Our analysis explores how users engage with advice-seeking platforms, focusing on Reddit subreddits AskReddit, AmItheAsshole, and AmIOverreacting, and comparing them to the iconic Dear Abby advice column. The results highlight significant differences in platform dynamics, engagement levels, and audience behaviors. While AskReddit dominates in terms of post volume and engagement due to its broad appeal, AmItheAsshole provides structured feedback on ethical dilemmas, making it a hub for direct and decisive user opinions. AmIOverreacting, though smaller and newer, shows strong engagement relative to its size and employs a structured feedback system similar to AmItheAsshole, enabling users to receive validation or critique on their emotional responses.
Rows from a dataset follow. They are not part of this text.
lemma convex_on_recourse:
  assumes "convex S" and finite: "\<forall>xi\<in>S. \<bar>recourse CY BY Bxi BX d X xi\<bar> \<noteq> \<infinity>"
  shows "convex_on S (\<lambda>xi. real_of_ereal (recourse CY BY Bxi BX d X xi))"
proof (rule convex_onI[OF _ assms(1)])
  let ?R = "recourse CY BY Bxi BX d X"
  fix t :: real and x y assume t: "0 < t" "t < 1" and "x \<in> S" "y \<in> S"
  then have mix: "(1 - t) *\<^sub>R x + t *\<^sub>R y \<in> S"
    using \<open>convex S\<close> by (simp add: convex_def)
  have R_real: "?R z = ereal (real_of_ereal (?R z))" if "z \<in> S" for z
    using finite that by (simp add: ereal_real)
  have "?R ((1 - t) *\<^sub>R x + t *\<^sub>R y) \<le> ereal ((1 - t) * real_of_ereal (?R x) + t * real_of_ereal (?R y))"
    unfolding recourse_eq_lp_min_rhs recourse_rhs_convex_combination
    by (rule lp_min_convex_combination)
      (use t R_real[OF \<open>x \<in> S\<close>] R_real[OF \<open>y \<in> S\<close>] in \<open>simp_all add: recourse_eq_lp_min_rhs\<close>)
  then show "real_of_ereal (?R ((1 - t) *\<^sub>R x + t *\<^sub>R y))
      \<le> (1 - t) * real_of_ereal (?R x) + t * real_of_ereal (?R y)"
    using R_real[OF mix] by (metis ereal_less_eq(3))
qed

lemma Xi_box_eq_cbox: "Xi_box xL xU = cbox xL xU"
  by (auto simp: Xi_box_def mem_box_cart)

lemma vertex_in_Xi_box: "\<forall>i. xL $ i \<le> xU $ i \<Longrightarrow> vertex xL xU z \<in> Xi_box xL xU"
  by (auto simp: vertex_def Xi_box_def)
lemma trancl_Un_cases:
  assumes "(x, y) \<in> (A \<union> B)\<^sup>+"
  shows "(x, y) \<in> A\<^sup>+ \<or> (x, y) \<in> (A \<union> B)\<^sup>* O B O (A \<union> B)\<^sup>*"
  using assms
proof (induction rule: trancl_induct)
  case (step y z)
  from step.IH show ?case
  proof
    assume xy: "(x, y) \<in> A\<^sup>+"
    show ?thesis
    proof (cases "(y, z) \<in> A")
      case True
      then show ?thesis using xy by auto
    next
      case False
      then have "(y, z) \<in> B" using step by auto
      moreover have "(x, y) \<in> (A \<union> B)\<^sup>*"
        using trancl_into_rtrancl[OF trancl_mono[OF xy, of "A \<union> B"]] by blast
      ultimately show ?thesis by blast
    qed
  next
    assume "(x, y) \<in> (A \<union> B)\<^sup>* O B O (A \<union> B)\<^sup>*"
    then show ?thesis
      using step(2) by (blast intro: rtrancl_into_rtrancl)
  qed
qed blast

lemma obtain_superset_with_card:
  assumes "finite B" "A \<subseteq> B" "card A \<le> k" "k \<le> card B"
  obtains C where "A \<subseteq> C" "C \<subseteq> B" "card C = k"
proof -
  have finA: "finite A"
    using finite_subset[OF assms(2,1)] .
  have "k - card A \<le> card (B - A)"
    using card_Diff_subset[OF finA assms(2)] assms(4) by simp
  then obtain D where D: "D \<subseteq> B - A" "card D = k - card A"
    by (rule obtain_subset_with_card_n)
  have "card (A \<union> D) = card A + card D"
    using D finA finite_subset[OF D(1)] assms(1) by (intro card_Un_disjoint) auto
  then show ?thesis
    using that[of "A \<union> D"] D assms(2,3) by auto
qed

lemma card_acyclic_le_sum_min:
  assumes "finite V" "G \<subseteq> V \<times> V" "acyclic G" "\<And>i. i \<in> V \<Longrightarrow> card {j. (j, i) \<in> G} \<le> k"
  shows "card G \<le> (\<Sum>p<card V. min p k)"
  using assms
proof (induction "card V" arbitrary: V G rule: less_induct)
  case less
  show ?case
  proof (cases "V = {}")
    case True
    then show ?thesis using less.prems(2) by simp
  next
    case False
    have "finite G"
      using less.prems(1,2) by (simp add: finite_subset)
    then have "wf (G\<inverse>)"
      using less.prems(3) by (simp add: wf_iff_acyclic_if_finite acyclic_converse)
    \<comment> \<open>remove a sink \<open>i\<close>: only the edges into \<open>i\<close> are lost\<close>
    then obtain i where i: "i \<in> V" "\<And>j. (j, i) \<in> G\<inverse> \<Longrightarrow> j \<notin> V"
      by (rule wfE_min'[OF _ False]) blast
    let ?V' = "V - {i}" and ?In = "{j. (j, i) \<in> G}"
    let ?G' = "G \<inter> ?V' \<times> ?V'"
    have "(i, i) \<notin> G"
      using less.prems(3) unfolding acyclic_def by blast
    then have In_sub: "?In \<subseteq> ?V'"
      using less.prems(2) by blast
    have finV': "finite ?V'"
      using less.prems(1) by simp
    have cardV: "card V = Suc (card ?V')"
      using card.remove[OF less.prems(1) i(1)] .
    have "card G \<le> card ((\<lambda>j. (j, i)) ` ?In \<union> ?G')"
    proof (rule card_mono)
      show "finite ((\<lambda>j. (j, i)) ` ?In \<union> ?G')"
        using finite_subset[OF In_sub finV'] finV' by simp
      show "G \<subseteq> (\<lambda>j. (j, i)) ` ?In \<union> ?G'"
        using i less.prems(2) by auto
    qed
    also have "\<dots> \<le> card ((\<lambda>j. (j, i)) ` ?In) + card ?G'"
      by (rule card_Un_le)
    also have "\<dots> \<le> min (card ?V') k + (\<Sum>p<card ?V'. min p k)"
    proof (rule add_mono)
      have "card ((\<lambda>j. (j, i)) ` ?In) \<le> card ?In"
        using finite_subset[OF In_sub finV'] by (rule card_image_le)
      moreover have "card ?In \<le> card ?V'"
        using card_mono[OF finV' In_sub] .
      ultimately show "card ((\<lambda>j. (j, i)) ` ?In) \<le> min (card ?V') k"
        using less.prems(4)[OF i(1)] by simp
      show "card ?G' \<le> (\<Sum>p<card ?V'. min p k)"
      proof (rule less.hyps)
        show "card ?V' < card V"
          using cardV by simp
        show "acyclic ?G'"
          using less.prems(3) acyclic_subset by blast
        show "card {j. (j, l) \<in> ?G'} \<le> k" if "l \<in> ?V'" for l
        proof -
          have "{j. (j, l) \<in> G} \<subseteq> V"
            using less.prems(2) by blast
          then have "card {j. (j, l) \<in> ?G'} \<le> card {j. (j, l) \<in> G}"
            using finite_subset[OF _ less.prems(1)] by (intro card_mono) auto
          then show ?thesis
            using less.prems(4)[of l] that by simp
        qed
      qed (use finV' in auto)
    qed
    also have "\<dots> = (\<Sum>p<card V. min p k)"
      unfolding cardV by simp
    finally show ?thesis .
  qed
qed

lemma sum_min_eq:
  assumes "k \<le> N"
  shows "(\<Sum>p<N. min p k) = (N - k) * k + (k choose 2)"
  using assms
proof (induction N rule: dec_induct)
  case base
  have "(\<Sum>p<k. min p k) = (\<Sum>p<k. p)"
    by (rule sum.cong) auto
  also have "\<dots> = k choose 2"
    by (induction k) (simp_all add: numeral_2_eq_2)
  finally show ?case by simp
next
  case (step N)
  then show ?case
    by (simp add: Suc_diff_le)
qed

section \<open>Teaching dimension\<close>

lemma finite_teaching_set_cards:
  assumes "finite X"
  shows "finite {card S | S. teaching_set X C c S}"
proof (rule finite_subset)
  have "card S \<le> card (X \<times> (UNIV :: bool set))" if "teaching_set X C c S" for S
    using that assms unfolding teaching_set_def by (intro card_mono) simp_all
  then show "{card S | S. teaching_set X C c S} \<subseteq> {..card (X \<times> (UNIV :: bool set))}"
    by blast
qed simp

lemma TD_le:
  assumes "finite X" "finite C" "C \<noteq> {}"
    and "\<And>c. c \<in> C \<Longrightarrow> \<exists>S. teaching_set X C c S \<and> card S \<le> B"
  shows "TD X C \<le> B"
proof -
  have "TD_of X C c \<le> B" if c: "c \<in> C" for c
  proof -
    obtain S where S: "teaching_set X C c S" "card S \<le> B"
      using assms(4)[OF c] by blast
    have "TD_of X C c \<le> card S"
      unfolding TD_of_def using finite_teaching_set_cards[OF assms(1)] S(1) by (auto intro: Min_le)
    then show ?thesis
      using S(2) by simp
  qed
  then show ?thesis
    unfolding TD_def using assms(2,3) by simp
qed

lemma le_TD:
  assumes "finite X" "finite C" "c \<in> C" "teaching_set X C c S\<^sub>0"
    and "\<And>S. teaching_set X C c S \<Longrightarrow> B \<le> card S"
  shows "B \<le> TD X C"
proof -
  have "B \<le> TD_of X C c"
    unfolding TD_of_def using finite_teaching_set_cards[OF assms(1)] assms(4,5)
    by (subst Min_ge_iff) auto
  also have "TD_of X C c \<le> TD X C"
    unfolding TD_def using assms(2,3) by simp
  finally show ?thesis .
qed

lemma teaching_set_graph:
  assumes "c \<in> C" "\<And>c' x. c' \<in> C \<Longrightarrow> c' x \<Longrightarrow> x \<in> X"
  shows "teaching_set X C c ((\<lambda>x. (x, c x)) ` X)"
  unfolding teaching_set_def
proof (intro conjI ballI impI)
  fix c' assume c': "c' \<in> C" and agree: "\<forall>(x, l)\<in>(\<lambda>x. (x, c x)) ` X. c' x = l"
  show "c' = c"
  proof
    fix x
    show "c' x = c x"
    proof (cases "x \<in> X")
      case True
      then show ?thesis using agree by blast
    next
      case False
      then show ?thesis using assms c' by blast
    qed
  qed
qed auto

section \<open>Acyclic CP-nets\<close>

lemma outcomes_upd: "t \<in> outcomes n m \<Longrightarrow> i < n \<Longrightarrow> a < m \<Longrightarrow> t(i := a) \<in> outcomes n m"
  unfolding outcomes_def by auto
The data also reveals that posts on Reddit are far more frequent than those in Dear Abby, with individual subreddits surpassing the monthly activity of the column at its peak. Interestingly, while shorter posts dominate AskReddit, the subreddit still achieves the highest virality rate, showing that concise content can resonate deeply with audiences. Conversely, AmItheAsshole posts are often longer and more detailed, reflecting the complexity of the moral dilemmas discussed. The anonymous nature of Reddit fosters candid conversations, including a notable percentage of explicit (NSFW) content, particularly on AskReddit and AmIOverreacting.

These findings provide a comprehensive understanding of how users engage with these platforms, revealing distinct behavioral patterns and thematic trends. This analysis lays the groundwork for deeper investigations, including topic modeling, sentiment analysis, and predicting community judgments, to further uncover the motivations and themes that drive engagement in online advice-seeking communities.

Data Ingestion and Cleaning

Reddit Data Retrieval

We began by retrieving data from our professor’s Amazon S3 bucket, which had been collected via the Reddit API. The dataset was analyzed using AWS SageMaker and PySpark in JupyterLab. The data included posts and comments from three subreddits: AmItheAsshole (AITA), AskReddit, and AmIOverreacting (AIOR).

Posts Data Cleaning

Initial Dataset

The initial dataset for posts contained over 3 million entries, including some of Reddit’s largest subreddits: AITA and AskReddit. Given the size and scope of the data, we established cleaning protocols to ensure meaningful and robust analysis.

Cleaning Steps

  1. Removing Empty Text: Posts with removed or missing content (selftext = ‘[removed]’) were excluded to focus only on posts with substantial text data.
  2. Filtering by Engagement: Since our subreddits focus on seeking feedback, we applied comment thresholds to retain posts with significant engagement.
  • AITA: Posts with fewer than 25 comments were removed.
  • AIOR: Posts with fewer than 15 comments were removed.
  • AskReddit: Posts with fewer than 50 comments were removed.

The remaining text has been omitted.